══ DATA EXTRACTS

(* Let $\mathcal{T}$ be a finite total order, $\mathcal{G}$ a finite grid poset, $S\subseteq\mathcal{T}\times\mathcal{G}$ a spread, $A=\min S$ and $B=\max S$ (so $S=\uparrow A\cap\downarrow B$). Let \[ \mathcal{Q}=\pi_0\big(\{0\}\cup A\cup(A+e_0)\cup(B+e_0)\cup(B+2e_0)\big)\times\mathcal{G}\subseteq\mathcal{T}\times\mathcal{G}, \] where $0$ is the minimum of $\mathcal{T}\times\mathcal{G}$. Then $\mathcal{Q}$ contains $\min S$ and $\operatorname{cover}S$, and, for every spread $R$ such that $\mathbb{k}_R$ is a direct summand of the domain of a minimal spread-radical approximation of $\mathbb{k}_S$, $\mathcal{Q}$ contains $\min R$ and $\operatorname{cover}R$.
   Context: Fix a field $\mathbb{k}$. Identify $\mathcal{T}=[m_0]$, $\mathcal{G}=[m_1]\times\cdots\times[m_n]$ ($[m]=\{0<\dots<m-1\}$), with product order; $\pi_0$ is projection to $\mathcal{T}$. $x+e_0$ replaces the $0$-th coordinate of $x$ by $\min(m_0-1,\pi_0(x)+1)$; $B+2e_0=(B+e_0)+e_0$; $X+e_0=\{x+e_0:x\in X\}$. $\uparrow X,\downarrow X$ are the upset and downset generated by $X$; $\operatorname{cover}X=\min(\uparrow X\setminus X)$. A spread is a nonempty convex zigzag-connected subset; $\mathbb{k}_R$ its indicator representation in $\operatorname{rep}(\mathcal{T}\times\mathcal{G})$ (functors to finite-dimensional vector spaces). In the full subcategory $\mathcal{C}$ of finite direct sums of spread representations, the radical $\operatorname{rad}_\mathcal{C}(X,Y)$ is the additive subfunctor of Hom consisting of non-isomorphisms between indecomposables; a minimal spread-radical approximation of $M\in\mathcal{C}$ is a right minimal morphism $\rho:C\to M$, $C\in\mathcal{C}$, such that for every $A'\in\mathcal{C}$ the image of $\operatorname{Hom}(A',C)\to\operatorname{Hom}(A',M)$ equals $\operatorname{rad}_\mathcal{C}(A',M)$. *)

theory Defs
  imports "Jordan_Normal_Form.Matrix"
begin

════

◆ INSTRUCTIONS FOR THE TASK ◆
Copy every line of the data where "mathcal" is found.

◆ SOLUTION TO THIS EXERCISE ◆
(* Let $\mathcal{T}$ be a finite total order, $\mathcal{G}$ a finite grid poset, $S\subseteq\mathcal{T}\times\mathcal{G}$ a spread, $A=\min S$ and $B=\max S$ (so $S=\uparrow A\cap\downarrow B$). Let \[ \mathcal{Q}=\pi_0\big(\{0\}\cup A\cup(A+e_0)\cup(B+e_0)\cup(B+2e_0)\big)\times\mathcal{G}\subseteq\mathcal{T}\times\mathcal{G}, \] where $0$ is the minimum of $\mathcal{T}\times\mathcal{G}$. Then $\mathcal{Q}$ contains $\min S$ and $\operatorname{cover}S$, and, for every spread $R$ such that $\mathbb{k}_R$ is a direct summand of the domain of a minimal spread-radical approximation of $\mathbb{k}_S$, $\mathcal{Q}$ contains $\min R$ and $\operatorname{cover}R$.
   Context: Fix a field $\mathbb{k}$. Identify $\mathcal{T}=[m_0]$, $\mathcal{G}=[m_1]\times\cdots\times[m_n]$ ($[m]=\{0<\dots<m-1\}$), with product order; $\pi_0$ is projection to $\mathcal{T}$. $x+e_0$ replaces the $0$-th coordinate of $x$ by $\min(m_0-1,\pi_0(x)+1)$; $B+2e_0=(B+e_0)+e_0$; $X+e_0=\{x+e_0:x\in X\}$. $\uparrow X,\downarrow X$ are the upset and downset generated by $X$; $\operatorname{cover}X=\min(\uparrow X\setminus X)$. A spread is a nonempty convex zigzag-connected subset; $\mathbb{k}_R$ its indicator representation in $\operatorname{rep}(\mathcal{T}\times\mathcal{G})$ (functors to finite-dimensional vector spaces). In the full subcategory $\mathcal{C}$ of finite direct sums of spread representations, the radical $\operatorname{rad}_\mathcal{C}(X,Y)$ is the additive subfunctor of Hom consisting of non-isomorphisms between indecomposables; a minimal spread-radical approximation of $M\in\mathcal{C}$ is a right minimal morphism $\rho:C\to M$, $C\in\mathcal{C}$, such that for every $A'\in\mathcal{C}$ the image of $\operatorname{Hom}(A',C)\to\operatorname{Hom}(A',M)$ equals $\operatorname{rad}_\mathcal{C}(A',M)$. *)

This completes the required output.